lemma tent_series_tail_decomposition:
  fixes c :: "nat \<Rightarrow> real"
  assumes sc: "summable (\<lambda>j. \<bar>c j\<bar>)" and N: "1 \<le> N"
  shows "(\<Sum>n. c (Suc n) * tent_iter (Suc n) x) - (\<Sum>n\<in>{1..<N}. c n * tent_iter n x)
    = centered_tent_series (\<lambda>j. if N \<le> j then c j else 0) x + (1/2) * (\<Sum>k. c (k + N))"
proof -
  obtain M where M: "N = Suc M"
    using N by (cases N) auto
  define b where "b n = c n * tent_iter n x" for n
  have sb: "summable (\<lambda>n. b (Suc n))"
  proof (rule summable_comparison_test'[OF summable_ignore_initial_segment[OF sc, of 1], of 0])
    fix n
    have "\<bar>tent_iter (Suc n) x\<bar> \<le> 1"
      using tent_iter_in_unit_interval[of "Suc n" x] by auto
    then show "norm (b (Suc n)) \<le> \<bar>c (n + 1)\<bar>"
      by (simp add: b_def abs_mult mult_left_le)
  qed
  have sc': "summable (\<lambda>k. c (k + N))"
    using summable_ignore_initial_segment[OF summable_rabs_cancel[OF sc]] .
  have sdev: "summable (\<lambda>k. c (k + N) * (tent_iter (k + N) x - 1/2))"
    using summable_ignore_initial_segment[OF summable_centered_tent_terms[OF sc]] .
  have padded: "(\<lambda>j. (if N \<le> j then c j else 0) * (tent_iter j x - 1/2))
      = (\<lambda>j. if N \<le> j then c j * (tent_iter j x - 1/2) else 0)"
    by auto
  have "(\<Sum>n. c (Suc n) * tent_iter (Suc n) x) = (\<Sum>n. b (Suc n))"
    by (simp add: b_def)
  also have "\<dots> = (\<Sum>k. b (k + N)) + (\<Sum>n<M. b (Suc n))"
    using suminf_split_initial_segment[OF sb, of M] by (simp add: M)
  also have "(\<Sum>n<M. b (Suc n)) = (\<Sum>n\<in>{1..<N}. c n * tent_iter n x)"
    by (simp only: M b_def One_nat_def sum.shift_bounds_Suc_ivl atLeast0LessThan)
  also have "(\<Sum>k. b (k + N)) = (\<Sum>k. c (k + N) * (tent_iter (k + N) x - 1/2)) + (1/2) * (\<Sum>k. c (k + N))"
    using suminf_add[OF sdev summable_mult[OF sc', of "1/2"]] suminf_mult[OF sc', of "1/2"]
    by (simp add: b_def algebra_simps)
  also have "(\<Sum>k. c (k + N) * (tent_iter (k + N) x - 1/2)) = centered_tent_series (\<lambda>j. if N \<le> j then c j else 0) x"
    using suminf_if_le_eq_suminf_offset[OF summable_centered_tent_terms[OF sc], of N x]
    by (simp only: centered_tent_series_def padded)
  finally show ?thesis
    by linarith
qed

==========

* Problem to solve *
The lines holding the word "auto" are the answer. Find them in the entries and copy them.

* Response *
    using N by (cases N) auto
      using tent_iter_in_unit_interval[of "Suc n" x] by auto
    by auto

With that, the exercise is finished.